③ the v4-never-eval'd catch

The exciting OOD win only counted once we caught that v4 had never been evaluated on ifc-bench: the comparison was apples-to-oranges. We re-ran v4 on the same scenes (0.063) before claiming the +2.6σ. Match the eval before you believe the result.

④ reproduce-or-it-didn't-happen

No number is reported until it reproduces from a committed script: per-step recall curves re-aggregated from scratch, not read off an agent transcript. The metric pathology was caught exactly because the inflated oracle would not reproduce against scene-full ground truth.
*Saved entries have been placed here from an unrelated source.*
(* Let $P$ be a finite $(3+1)$-free poset. For every $P$-tableau $T$ (of any partition shape), $\mathbf u_{\mathrm{colword}(T)}\equiv\mathbf u_{\mathrm{diagword}(T)}\pmod{I^P_{\mathrm{plac}}}$.
   Context: $a<_Pb$: strict order; $a\sim_Pb$: incomparable or equal. $\mathcal{U}_P=\mathbb{Z}\langle u_a:a\in P\rangle$, $\mathbf u_w=u_{w_1}\cdots u_{w_m}$. $I^P_{\mathrm{plac}}$ is generated by $u_bu_au_c-u_bu_cu_a$ ($a<_Pb$, $c\not<_Pb$, $a<_Pc$), $u_cu_au_b-u_au_cu_b$ ($b\not<_Pa$, $b<_Pc$, $a<_Pc$), $u_cu_au_b-u_bu_cu_a$ ($a\sim_Pb$, $b\sim_Pc$, $a<_Pc$). A $P$-tableau is a filling $T$ of a Young diagram (English notation) with $T(1,c)<_PT(2,c)<_P\cdots$ down each column and $T(r,c+1)\not<_PT(r,c)$ along each row. $\mathrm{colword}(T)$ reads each column bottom to top, columns left to right. $\mathrm{diagword}(T)$ reads each diagonal $\{(r,c):c-r=\text{const}\}$ in order of increasing $r$, concatenating diagonals in order of increasing $c-r$. *)

theory Defs
  imports Main
begin

text \<open>The finite poset P is modelled as a finite type with a partial order;
  a <_P b is the strict order <, and a ~_P b means incomparable or equal.\<close>

definition sim :: "'a::order \<Rightarrow> 'a \<Rightarrow> bool" where
  "sim a b \<longleftrightarrow> \<not> a < b \<and> \<not> b < a"

definition three_plus_one_free :: "'a::order itself \<Rightarrow> bool" where
  "three_plus_one_free _ \<longleftrightarrow>
     \<not> (\<exists>a b c d :: 'a. a < b \<and> b < c \<and> sim a d \<and> sim b d \<and> sim c d)"

text \<open>Elements of the free associative ring Z<u_a : a in P> are represented by their
  coefficient functions on words (lists); u_w is the indicator of the word w.\<close>

definition mono :: "'a list \<Rightarrow> ('a list \<Rightarrow> int)" where
  "mono w = (\<lambda>x. if x = w then 1 else 0)"

definition fmul :: "('a list \<Rightarrow> int) \<Rightarrow> ('a list \<Rightarrow> int) \<Rightarrow> ('a list \<Rightarrow> int)" where
  "fmul f g = (\<lambda>x. \<Sum>i\<le>length x. f (take i x) * g (drop i x))"

inductive_set plac_ideal :: "('a::order list \<Rightarrow> int) set" where
  gen1: "\<lbrakk>a < b; \<not> c < b; a < c\<rbrakk> \<Longrightarrow>
           (\<lambda>x. mono [b,a,c] x - mono [b,c,a] x) \<in> plac_ideal"
| gen2: "\<lbrakk>\<not> b < a; b < c; a < c\<rbrakk> \<Longrightarrow>
           (\<lambda>x. mono [c,a,b] x - mono [a,c,b] x) \<in> plac_ideal"
| gen3: "\<lbrakk>sim a b; sim b c; a < c\<rbrakk> \<Longrightarrow>
           (\<lambda>x. mono [c,a,b] x - mono [b,c,a] x) \<in> plac_ideal"
| zero: "(\<lambda>x. 0) \<in> plac_ideal"
| add: "\<lbrakk>f \<in> plac_ideal; g \<in> plac_ideal\<rbrakk> \<Longrightarrow> (\<lambda>x. f x + g x) \<in> plac_ideal"
| neg: "f \<in> plac_ideal \<Longrightarrow> (\<lambda>x. - f x) \<in> plac_ideal"
| lmul: "f \<in> plac_ideal \<Longrightarrow> fmul (mono v) f \<in> plac_ideal"
| rmul: "f \<in> plac_ideal \<Longrightarrow> fmul f (mono v) \<in> plac_ideal"

definition plac_cong :: "'a::order list \<Rightarrow> 'a list \<Rightarrow> bool" where
  "plac_cong v w \<longleftrightarrow> (\<lambda>x. mono v x - mono w x) \<in> plac_ideal"

text \<open>Partitions as weakly decreasing lists of positive parts; rows and columns 1-based.\<close>
definition is_partition :: "nat list \<Rightarrow> bool" where
  "is_partition lam \<longleftrightarrow> sorted (rev lam) \<and> 0 \<notin> set lam"

definition in_shape :: "nat list \<Rightarrow> nat \<Rightarrow> nat \<Rightarrow> bool" where
  "in_shape lam r c \<longleftrightarrow> 1 \<le> r \<and> r \<le> length lam \<and> 1 \<le> c \<and> c \<le> lam ! (r - 1)"

definition num_cols :: "nat list \<Rightarrow> nat" where
  "num_cols lam = (if lam = [] then 0 else hd lam)"

definition col_len :: "nat list \<Rightarrow> nat \<Rightarrow> nat" where
  "col_len lam c = card {r. in_shape lam r c}"

definition is_P_tableau :: "nat list \<Rightarrow> (nat \<Rightarrow> nat \<Rightarrow> 'a::order) \<Rightarrow> bool" where
  "is_P_tableau lam T \<longleftrightarrow> is_partition lam \<and>
     (\<forall>r c. in_shape lam r c \<and> in_shape lam (r+1) c \<longrightarrow> T r c < T (r+1) c) \<and>
     (\<forall>r c. in_shape lam r c \<and> in_shape lam r (c+1) \<longrightarrow> \<not> T r (c+1) < T r c)"

definition colword :: "nat list \<Rightarrow> (nat \<Rightarrow> nat \<Rightarrow> 'a) \<Rightarrow> 'a list" where
  "colword lam T = concat (map (\<lambda>c. map (\<lambda>r. T r c) (rev [1..<col_len lam c + 1]))
                               [1..<num_cols lam + 1])"

text \<open>Diagonal word: diagonals c - r = d by increasing d, each read by increasing r.\<close>
definition diagword :: "nat list \<Rightarrow> (nat \<Rightarrow> nat \<Rightarrow> 'a) \<Rightarrow> 'a list" where
  "diagword lam T = concat (map (\<lambda>d.
      map (\<lambda>r. T r (nat (int r + d)))
          (filter (\<lambda>r. int r + d \<ge> 1 \<and> in_shape lam r (nat (int r + d))) [1..<length lam + 1]))
      [1 - int (length lam) .. int (num_cols lam) - 1])"

end

theory Submission
  imports Defs
begin

text \<open>Induct over the columns from the right. Writing \<open>colword\<^sub>c\<close> and \<open>diagword\<^sub>c\<close>
  for the words of the part of \<open>T\<close> in columns \<open>\<ge> c\<close>, we have
  \<open>colword\<^sub>c = column\<^sub>c \<cdot> colword\<^sub>c\<^sub>+\<^sub>1\<close>, so it suffices to show
  \<open>column\<^sub>c \<cdot> diagword\<^sub>c\<^sub>+\<^sub>1 \<equiv> diagword\<^sub>c\<close>: the strictly decreasing column word must be
  distributed, one letter per diagonal, into the diagonals of \<open>diagword\<^sub>c\<^sub>+\<^sub>1\<close>.
  Every elementary move carries a letter \<open>y\<close> leftwards past a letter \<open>x\<close> with \<open>x < y\<close>,
  directly behind a letter \<open>b\<close> with \<open>x < b\<close> and \<open>\<not> y < b\<close>, i.e. it is an instance of the
  first placactic relation \<open>u\<^sub>b u\<^sub>a u\<^sub>c \<equiv> u\<^sub>b u\<^sub>c u\<^sub>a\<close>. The required comparabilities come
  from the key consequence of (3+1)-freeness: the entry in cell \<open>(j, c)\<close> is below the entry
  in every cell \<open>(r, c')\<close> with \<open>0 \<le> c' - c < r - j\<close>.\<close>

section \<open>The placactic congruence\<close>

lemma plac_cong_refl: "plac_cong v v"
  unfolding plac_cong_def using plac_ideal.zero by simp

lemma plac_cong_trans: "plac_cong u v \<Longrightarrow> plac_cong v w \<Longrightarrow> plac_cong u w"
  unfolding plac_cong_def by (drule (1) plac_ideal.add) simp

lemma fmul_mono_left:
  "fmul (Defs.mono p) f x =
     (if length p \<le> length x \<and> take (length p) x = p then f (drop (length p) x) else 0)"
proof -
  have "fmul (Defs.mono p) f x =
      (\<Sum>i\<le>length x. if i = length p
         then (if take (length p) x = p then f (drop (length p) x) else 0) else 0)"
    unfolding fmul_def
  proof (rule sum.cong)
    fix i assume "i \<in> {..length x}"
    then have "i \<noteq> length p \<Longrightarrow> take i x \<noteq> p" by auto
    then show "Defs.mono p (take i x) * f (drop i x) =
        (if i = length p then (if take (length p) x = p then f (drop (length p) x) else 0) else 0)"
      by (auto simp: Defs.mono_def)
  qed simp
  then show ?thesis by (simp add: sum.delta)
qed

lemma fmul_mono_right:
  "fmul f (Defs.mono q) x =
     (if length q \<le> length x \<and> drop (length x - length q) x = q
      then f (take (length x - length q) x) else 0)"
proof -
  have "fmul f (Defs.mono q) x =
      (\<Sum>i\<le>length x. if i = length x - length q
         then (if length q \<le> length x \<and> drop (length x - length q) x = q
               then f (take (length x - length q) x) else 0) else 0)"
    unfolding fmul_def
  proof (rule sum.cong)
    fix i assume "i \<in> {..length x}"
    then have "i \<noteq> length x - length q \<or> \<not> length q \<le> length x \<Longrightarrow> drop i x \<noteq> q" by auto
    then show "f (take i x) * Defs.mono q (drop i x) =
        (if i = length x - length q then (if length q \<le> length x \<and> drop (length x - length q) x = q
           then f (take (length x - length q) x) else 0) else 0)"
      by (auto simp: Defs.mono_def)
  qed simp
  then show ?thesis by (simp add: sum.delta)
qed

lemma plac_cong_append_left: "plac_cong v w \<Longrightarrow> plac_cong (p @ v) (p @ w)"
  unfolding plac_cong_def
proof -
  assume "(\<lambda>x. Defs.mono v x - Defs.mono w x) \<in> plac_ideal"
  then have "fmul (Defs.mono p) (\<lambda>x. Defs.mono v x - Defs.mono w x) \<in> plac_ideal"
    by (rule plac_ideal.lmul)
  moreover have "fmul (Defs.mono p) (\<lambda>x. Defs.mono v x - Defs.mono w x) =
      (\<lambda>x. Defs.mono (p @ v) x - Defs.mono (p @ w) x)"
  proof
    fix x :: "'a list"
    show "fmul (Defs.mono p) (\<lambda>x. Defs.mono v x - Defs.mono w x) x =
        Defs.mono (p @ v) x - Defs.mono (p @ w) x"
    proof (cases "length p \<le> length x \<and> take (length p) x = p")
      case True
      then obtain u where x: "x = p @ u" by (metis append_take_drop_id)
      show ?thesis unfolding x fmul_mono_left by (simp add: Defs.mono_def)
    next
      case False
      then have "x \<noteq> p @ v" "x \<noteq> p @ w" by auto
      with False show ?thesis unfolding fmul_mono_left by (simp add: Defs.mono_def)
    qed
  qed
  ultimately show "(\<lambda>x. Defs.mono (p @ v) x - Defs.mono (p @ w) x) \<in> plac_ideal" by simp
qed

lemma plac_cong_append_right: "plac_cong v w \<Longrightarrow> plac_cong (v @ q) (w @ q)"
  unfolding plac_cong_def
proof -
  assume "(\<lambda>x. Defs.mono v x - Defs.mono w x) \<in> plac_ideal"
  then have "fmul (\<lambda>x. Defs.mono v x - Defs.mono w x) (Defs.mono q) \<in> plac_ideal"
    by (rule plac_ideal.rmul)
  moreover have "fmul (\<lambda>x. Defs.mono v x - Defs.mono w x) (Defs.mono q) =
      (\<lambda>x. Defs.mono (v @ q) x - Defs.mono (w @ q) x)"
  proof
    fix x :: "'a list"
    show "fmul (\<lambda>x. Defs.mono v x - Defs.mono w x) (Defs.mono q) x =
        Defs.mono (v @ q) x - Defs.mono (w @ q) x"
    proof (cases "length q \<le> length x \<and> drop (length x - length q) x = q")
      case True
      then obtain u where x: "x = u @ q" by (metis append_take_drop_id)
      show ?thesis unfolding x fmul_mono_right by (simp add: Defs.mono_def)
    next
      case False
      then have "x \<noteq> v @ q" "x \<noteq> w @ q" by auto
      with False show ?thesis unfolding fmul_mono_right by (simp add: Defs.mono_def)
    qed
  qed
  ultimately show "(\<lambda>x. Defs.mono (v @ q) x - Defs.mono (w @ q) x) \<in> plac_ideal" by simp
qed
⑤ frozen test_locked split

test_locked (3 residential scenes) is frozen in code: no hyperparameter was ever tuned against it. It is the in-distribution anchor that every version is measured against on the identical protocol.

⑥ honest SHIP/MEH/DROP

Sub-agents returned verdicts, not hype. Three target-engineering experiments that looked exciting (v5, v7_attn, v7_k12) were tagged DROP under the same CI discipline that validated v7_realsynth. The graveyard is the point.

Verdicts: SHIP = adopted (default or specialist) · MEH = real but ties the incumbent · DROP = regressed / no-gain / off-domain. Eval held fixed across the study: surface-coverage recall@K=1 · 5 seeds · n_cand=20 · hybrid_top_k=12 · mean ± SE. Splits: test_locked (3 residential) · held_out (7 GNI/heatpump) · ifc-bench OOD (10 scenes, 3 buildings). Hybrid = LearnedPlusLookaheadBaseline. Classical baseline: OctoMap-IG (Bircher et al., ICRA 2016). Corpus: 297 manifest scenes plus IFC-Bench v2 (sylvainHellin/ifc-bench, CC-BY, 93 sub-scenes).